С трудом преодолев заснеженный двор, карета остановилась у главного тюремного корпуса. С запяток сошел лакей в добротной шубе и, оглядевшись, открыл дверцу.
На пороге кареты, с ужасом осматривая окрестности тюремного двора, появилась очаровательная красавица в пышной серебристо-серой шубке и горностаевом манто. Рассеянно скользнув взглядом по нашим нескладным фигурам, она тотчас обернулась к спешно подошедшему к ней тюремному офицеру.
Барышня эта заинтересовала меня. Не каждый день встретишь такую красотку, особенно если таскаешь на себе кандалы в полпуда весом! Кроме того, красивая и добротная карета, слуги и то обстоятельство, что ей позволили заехать на тюремный двор, недвусмысленно говорили, что дамочка эта непростая.
«Может, это дочка начальника?» — подумалось мне, и я начал разгребать снег в сторону этой кареты, приближаясь.
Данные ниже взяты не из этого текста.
lemma mem_A_if_centralizes_A:
  assumes w: "\<theta>1 w = - w" "\<theta>2 w = - w" and centralizes: "\<And>H. H \<in> A \<Longrightarrow> br H w = 0"
  shows "w \<in> A"
proof -
  define B where "B = span (insert w A)"
  have zero: "bilinear (\<lambda>x y. 0 :: 'g)" by (simp add: bilinear_def linear_zero)
  have "br s t = 0" if "s \<in> insert w A" "t \<in> insert w A" for s t
  proof -
    have "br w H = 0" if "H \<in> A" for H
      using centralizes[OF that] br_antisym[of w H] by simp
    then show ?thesis using that A_abelian centralizes by auto
  qed
  then have abelian: "\<forall>x\<in>B. \<forall>y\<in>B. br x y = 0"
    unfolding B_def using bilinear_eq[OF bilinear_br zero order_refl order_refl] by blast
  have "B \<subseteq> neg_space \<theta>1 \<inter> neg_space \<theta>2"
    unfolding B_def using w A_neg_spaces
    by (intro span_minimal subspace_inter subspace_neg_space linear_\<theta>1 linear_\<theta>2)
      (auto simp: neg_space_def)
  moreover have "subspace B" "A \<subseteq> B" "w \<in> B"
    unfolding B_def by (auto intro: span_base)
  ultimately have "B = A"
    using max_abelian abelian unfolding max_abelian_def by blast
  with \<open>w \<in> B\<close> show ?thesis by simp
qed

lemma root_in_A: "\<alpha> \<in> A" and root_nonzero: "\<alpha> \<noteq> 0"
  using root by (auto simp: Sigma_eps_def)

lemma Re_Im_eps: "(Re \<epsilon>)\<^sup>2 + (Im \<epsilon>)\<^sup>2 = 1"
  using unit_eps cmod_power2[of \<epsilon>] by simp

abbreviation E where "E \<equiv> eps_root_space br \<theta>1 \<theta>2 A \<alpha> \<epsilon>"
abbreviation V where "V \<equiv> V_space br \<theta>1 \<theta>2 A \<alpha> \<epsilon>"
abbreviation m where "m \<equiv> mult br \<theta>1 \<theta>2 A \<alpha> \<epsilon>"

text \<open>J is multiplication by i on the real parts of g(\<alpha>, \<epsilon>): the element of g(\<alpha>, \<epsilon>)
  with real part x is x - i J x.\<close>
definition J :: "'g \<Rightarrow> 'g" where
  "J x = (1 / (\<alpha> \<bullet> \<alpha>)) *\<^sub>R br \<alpha> x"

lemma linear_J: "linear J"
  unfolding J_def linear_iff by (simp add: scaleR_add_right)

lemmas J_simps [simp] =
  linear_add[OF linear_J] linear_scale[OF linear_J] linear_neg[OF linear_J]
  linear_diff[OF linear_J] linear_0[OF linear_J]

lemma mem_E_iff:
  "(u, v) \<in> E \<longleftrightarrow> (\<forall>H\<in>A. br H u = - ((\<alpha> \<bullet> H) *\<^sub>R v) \<and> br H v = (\<alpha> \<bullet> H) *\<^sub>R u) \<and>
     \<theta>1 (\<theta>2 u) = Re \<epsilon> *\<^sub>R u - Im \<epsilon> *\<^sub>R v \<and> \<theta>1 (\<theta>2 v) = Im \<epsilon> *\<^sub>R u + Re \<epsilon> *\<^sub>R v"
  by (simp add: eps_root_space_def root_space_def)

lemma subspace_E: "subspace E"
  unfolding subspace_def
proof (intro conjI ballI allI)
  show "0 \<in> E" by (simp add: zero_prod_def mem_E_iff)
next
  fix z w :: "'g \<times> 'g" assume "z \<in> E" "w \<in> E"
  then show "z + w \<in> E"
    by (cases z, cases w) (simp add: mem_E_iff algebra_simps)
next
  fix r :: real and z :: "'g \<times> 'g" assume "z \<in> E"
  then show "r *\<^sub>R z \<in> E"
    by (cases z) (simp add: mem_E_iff scaleR_diff_right scaleR_add_right mult.commute)
qed

lemma mem_E_J:
  assumes "(u, v) \<in> E"
  shows "u = J v" and "v = - J u"
proof -
  have "br \<alpha> u = - ((\<alpha> \<bullet> \<alpha>) *\<^sub>R v)" "br \<alpha> v = (\<alpha> \<bullet> \<alpha>) *\<^sub>R u"
    using assms root_in_A by (auto simp: mem_E_iff)
  then show "u = J v" "v = - J u"
    using root_nonzero by (simp_all add: J_def)
qed

lemma mem_E_rotate: "(u, v) \<in> E \<Longrightarrow> (- v, u) \<in> E"
  by (auto simp: mem_E_iff algebra_simps)

lemma cnj_mem_eps_root_space_iff:
  "(u, - v) \<in> eps_root_space br \<theta>1 \<theta>2 A (- \<alpha>) (inverse \<epsilon>) \<longleftrightarrow> (u, v) \<in> E"
proof -
  have Re_inverse: "Re (inverse \<epsilon>) = Re \<epsilon>" and Im_inverse: "Im (inverse \<epsilon>) = - Im \<epsilon>"
    using Re_Im_eps by (simp_all add: power2_eq_square)
  have "\<theta>1 (\<theta>2 (- v)) = Im \<epsilon> *\<^sub>R u - Re \<epsilon> *\<^sub>R v \<longleftrightarrow> \<theta>1 (\<theta>2 v) = Re \<epsilon> *\<^sub>R v - Im \<epsilon> *\<^sub>R u"
    by (metis minus_diff_eq minus_minus linear_neg[OF linear_\<theta>1] linear_neg[OF linear_\<theta>2])
  then show ?thesis
    unfolding eps_root_space_def root_space_def mem_E_iff mem_Collect_eq prod.case
      Re_inverse Im_inverse
    by (auto simp: algebra_simps)
qed

lemma V_eq_fst_E: "V = fst ` E"
proof
  show "V \<subseteq> fst ` E"
  proof
    fix x assume "x \<in> V"
    then obtain z1 z2 where z1: "z1 \<in> E"
      and z2: "z2 \<in> eps_root_space br \<theta>1 \<theta>2 A (- \<alpha>) (inverse \<epsilon>)" and sum: "z1 + z2 = (x, 0)"
      unfolding V_space_def by blast
    obtain u1 v1 u2 v2 where z: "z1 = (u1, v1)" "z2 = (u2, v2)" by fastforce
    have "(u2, - v2) \<in> E"
      using z2 cnj_mem_eps_root_space_iff[of u2 "- v2"] unfolding z by simp
    moreover have "- v2 = v1" "u1 + u2 = x" using sum z by (auto simp: add_eq_0_iff)
    ultimately have "u2 = u1"
      using z1 mem_E_J(1) z by metis
    then have "x = fst (2 *\<^sub>R z1)" using \<open>u1 + u2 = x\<close> z by (simp add: scaleR_2)
    moreover have "2 *\<^sub>R z1 \<in> E" using z1 subspace_E by (rule subspace_scale[rotated])
    ultimately show "x \<in> fst ` E" by blast
  qed
next
  show "fst ` E \<subseteq> V"
  proof
    fix x assume "x \<in> fst ` E"
    then obtain v where "(x, v) \<in> E" by auto
    then have half: "((1/2) *\<^sub>R x, (1/2) *\<^sub>R v) \<in> E"
      using subspace_scale[OF subspace_E, of "(x, v)" "1/2"] by simp
    have "((1/2) *\<^sub>R x, (1/2) *\<^sub>R v) + ((1/2) *\<^sub>R x, - ((1/2) *\<^sub>R v)) = (x, 0)"
      by (simp flip: scaleR_add_left)
    then show "x \<in> V"
      unfolding V_space_def using half cnj_mem_eps_root_space_iff by blast
  qed
qed

lemma mem_V_iff: "x \<in> V \<longleftrightarrow> (x, - J x) \<in> E"
  using V_eq_fst_E mem_E_J(2) by force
Вскоре я оказался шагах в десяти. Барышня как будто кого-то ждала, наконец дверь тюремного корпуса отворилась, и на пороге появился… узник Левицкий! Тот самый дворянин, что шел с нашей партией в качестве заключенного. За ним вышел прежний конвойный офицер, но если корнет бросился к девушке, раскрыв объятия, то Рукавишников, напротив, закурил папироску и остался топтаться у двери.
— Вольдемар! — воскликнула барышня и бросилась Левицкому на шею.
Корнет обнял ее, и они что-то быстро и бурно начали обсуждать на французском.
«О как. Интересно, а я их пойму? Сильно ли мой французский отличается от их?» — мелькнуло в голове.
И я, шваркая лопатой по плацу, подошел к ним все ближе, что, впрочем, нисколько не смущало молодых людей. Разумеется, они считали, что никто из этих скотов в серых халатах не может знать французского. Конечно, они были бы правы, не будь тут меня, но я-то здесь!